Task prompt >>
From the listing below, output only the lines starting at the line that has "(\<lambda>_. N)) (\<lambda>_." and ending at the line that has "PiM I (\<lambda>i.", exactly as they appear, ends included.

* * * *

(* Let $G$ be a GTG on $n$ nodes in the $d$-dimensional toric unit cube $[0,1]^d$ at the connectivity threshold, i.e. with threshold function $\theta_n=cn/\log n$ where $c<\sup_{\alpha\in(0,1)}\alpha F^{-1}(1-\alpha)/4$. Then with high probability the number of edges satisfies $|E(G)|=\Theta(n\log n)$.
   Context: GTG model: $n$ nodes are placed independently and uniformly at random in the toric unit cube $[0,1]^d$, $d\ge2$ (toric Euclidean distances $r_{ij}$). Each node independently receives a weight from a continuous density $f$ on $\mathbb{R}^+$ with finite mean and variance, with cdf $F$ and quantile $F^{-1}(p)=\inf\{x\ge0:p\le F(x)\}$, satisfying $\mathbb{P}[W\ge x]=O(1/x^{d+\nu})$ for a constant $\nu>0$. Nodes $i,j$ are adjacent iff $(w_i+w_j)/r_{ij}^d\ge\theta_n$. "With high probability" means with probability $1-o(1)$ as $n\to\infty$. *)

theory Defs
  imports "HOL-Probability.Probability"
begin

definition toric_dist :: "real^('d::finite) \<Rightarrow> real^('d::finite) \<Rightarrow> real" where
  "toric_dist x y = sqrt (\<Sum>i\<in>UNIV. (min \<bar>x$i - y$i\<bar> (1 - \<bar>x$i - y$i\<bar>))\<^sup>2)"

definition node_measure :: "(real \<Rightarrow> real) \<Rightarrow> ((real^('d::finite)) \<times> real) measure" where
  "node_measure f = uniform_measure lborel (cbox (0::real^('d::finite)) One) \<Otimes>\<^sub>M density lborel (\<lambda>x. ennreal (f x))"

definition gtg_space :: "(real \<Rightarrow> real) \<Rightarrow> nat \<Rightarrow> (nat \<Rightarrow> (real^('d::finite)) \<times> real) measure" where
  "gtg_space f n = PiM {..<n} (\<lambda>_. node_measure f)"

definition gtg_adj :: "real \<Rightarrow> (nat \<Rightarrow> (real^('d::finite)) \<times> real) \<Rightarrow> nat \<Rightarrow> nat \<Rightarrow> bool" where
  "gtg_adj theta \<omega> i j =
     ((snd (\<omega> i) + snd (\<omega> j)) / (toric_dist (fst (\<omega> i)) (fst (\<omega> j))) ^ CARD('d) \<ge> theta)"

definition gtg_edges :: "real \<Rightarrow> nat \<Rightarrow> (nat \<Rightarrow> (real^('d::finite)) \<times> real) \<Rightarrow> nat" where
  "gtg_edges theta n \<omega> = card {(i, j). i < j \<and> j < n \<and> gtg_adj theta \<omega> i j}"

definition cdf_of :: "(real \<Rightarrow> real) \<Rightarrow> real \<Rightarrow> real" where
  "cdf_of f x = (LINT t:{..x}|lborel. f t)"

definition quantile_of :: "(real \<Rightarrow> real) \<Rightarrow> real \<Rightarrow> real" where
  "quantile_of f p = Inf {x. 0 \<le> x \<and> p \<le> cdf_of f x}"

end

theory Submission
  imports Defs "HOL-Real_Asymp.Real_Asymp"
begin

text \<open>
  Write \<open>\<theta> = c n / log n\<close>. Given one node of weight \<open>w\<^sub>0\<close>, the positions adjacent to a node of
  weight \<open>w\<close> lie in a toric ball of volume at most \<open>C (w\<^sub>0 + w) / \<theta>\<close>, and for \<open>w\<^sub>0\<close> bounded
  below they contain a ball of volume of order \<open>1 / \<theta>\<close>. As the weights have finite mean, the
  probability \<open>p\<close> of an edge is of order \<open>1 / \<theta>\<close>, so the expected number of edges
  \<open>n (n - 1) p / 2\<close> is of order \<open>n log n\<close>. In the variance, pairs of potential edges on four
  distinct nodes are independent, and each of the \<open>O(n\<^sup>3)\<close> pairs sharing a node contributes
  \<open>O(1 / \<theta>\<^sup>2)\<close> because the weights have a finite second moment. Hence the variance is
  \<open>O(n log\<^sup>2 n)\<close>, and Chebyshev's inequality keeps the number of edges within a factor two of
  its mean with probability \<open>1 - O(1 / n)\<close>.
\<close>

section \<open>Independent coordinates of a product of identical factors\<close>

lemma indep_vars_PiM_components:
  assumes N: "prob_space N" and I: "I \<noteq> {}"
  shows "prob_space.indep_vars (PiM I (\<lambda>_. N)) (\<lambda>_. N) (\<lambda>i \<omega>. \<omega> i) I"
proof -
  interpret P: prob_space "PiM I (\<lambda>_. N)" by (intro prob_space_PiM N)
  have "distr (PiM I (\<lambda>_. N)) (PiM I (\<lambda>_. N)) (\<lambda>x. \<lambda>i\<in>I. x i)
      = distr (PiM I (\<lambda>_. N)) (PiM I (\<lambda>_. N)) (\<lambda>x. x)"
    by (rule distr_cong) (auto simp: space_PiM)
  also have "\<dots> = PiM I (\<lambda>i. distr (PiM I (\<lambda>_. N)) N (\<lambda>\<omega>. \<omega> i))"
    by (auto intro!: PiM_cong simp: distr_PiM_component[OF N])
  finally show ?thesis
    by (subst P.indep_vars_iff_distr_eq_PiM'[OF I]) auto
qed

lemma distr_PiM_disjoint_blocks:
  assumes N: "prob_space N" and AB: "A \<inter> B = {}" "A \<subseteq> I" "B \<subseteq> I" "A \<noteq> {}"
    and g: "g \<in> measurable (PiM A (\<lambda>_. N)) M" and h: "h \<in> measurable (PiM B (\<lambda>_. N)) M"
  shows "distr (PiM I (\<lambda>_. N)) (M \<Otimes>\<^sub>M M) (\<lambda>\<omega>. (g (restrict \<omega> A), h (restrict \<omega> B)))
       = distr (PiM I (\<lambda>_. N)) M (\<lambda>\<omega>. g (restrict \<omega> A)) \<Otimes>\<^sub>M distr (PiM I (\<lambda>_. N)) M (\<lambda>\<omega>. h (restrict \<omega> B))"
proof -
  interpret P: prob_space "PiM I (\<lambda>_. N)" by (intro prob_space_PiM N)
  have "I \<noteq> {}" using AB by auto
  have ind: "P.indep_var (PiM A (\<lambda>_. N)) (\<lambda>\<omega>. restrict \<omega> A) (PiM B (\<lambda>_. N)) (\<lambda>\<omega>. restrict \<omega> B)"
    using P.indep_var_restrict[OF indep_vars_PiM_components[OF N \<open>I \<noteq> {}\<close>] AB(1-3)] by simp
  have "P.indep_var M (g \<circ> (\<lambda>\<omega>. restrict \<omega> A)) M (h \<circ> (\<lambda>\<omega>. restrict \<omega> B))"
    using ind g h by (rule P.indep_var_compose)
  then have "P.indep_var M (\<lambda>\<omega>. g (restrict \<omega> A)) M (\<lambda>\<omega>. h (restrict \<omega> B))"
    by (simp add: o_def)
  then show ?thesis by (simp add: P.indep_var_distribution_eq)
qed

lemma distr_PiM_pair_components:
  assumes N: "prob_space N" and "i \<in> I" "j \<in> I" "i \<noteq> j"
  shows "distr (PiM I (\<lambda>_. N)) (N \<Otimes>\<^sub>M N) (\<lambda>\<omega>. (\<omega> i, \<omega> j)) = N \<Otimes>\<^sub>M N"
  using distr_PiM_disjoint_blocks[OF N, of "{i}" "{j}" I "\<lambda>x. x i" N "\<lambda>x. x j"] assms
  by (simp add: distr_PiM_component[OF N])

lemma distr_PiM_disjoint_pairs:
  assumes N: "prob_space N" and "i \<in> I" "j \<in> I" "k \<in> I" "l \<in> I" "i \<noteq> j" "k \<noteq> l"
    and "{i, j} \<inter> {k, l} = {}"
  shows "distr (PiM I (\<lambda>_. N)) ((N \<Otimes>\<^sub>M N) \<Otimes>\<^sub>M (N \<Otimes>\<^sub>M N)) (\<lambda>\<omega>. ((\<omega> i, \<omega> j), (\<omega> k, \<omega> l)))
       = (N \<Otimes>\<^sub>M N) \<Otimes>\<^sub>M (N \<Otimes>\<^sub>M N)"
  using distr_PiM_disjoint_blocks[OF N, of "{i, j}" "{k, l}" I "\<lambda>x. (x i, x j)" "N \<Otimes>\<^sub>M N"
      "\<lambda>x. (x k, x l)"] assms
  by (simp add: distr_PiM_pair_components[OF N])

* * * *

Task solution >>
  shows "prob_space.indep_vars (PiM I (\<lambda>_. N)) (\<lambda>_. N) (\<lambda>i \<omega>. \<omega> i) I"
proof -
  interpret P: prob_space "PiM I (\<lambda>_. N)" by (intro prob_space_PiM N)
  have "distr (PiM I (\<lambda>_. N)) (PiM I (\<lambda>_. N)) (\<lambda>x. \<lambda>i\<in>I. x i)
      = distr (PiM I (\<lambda>_. N)) (PiM I (\<lambda>_. N)) (\<lambda>x. x)"
    by (rule distr_cong) (auto simp: space_PiM)
  also have "\<dots> = PiM I (\<lambda>i. distr (PiM I (\<lambda>_. N)) N (\<lambda>\<omega>. \<omega> i))"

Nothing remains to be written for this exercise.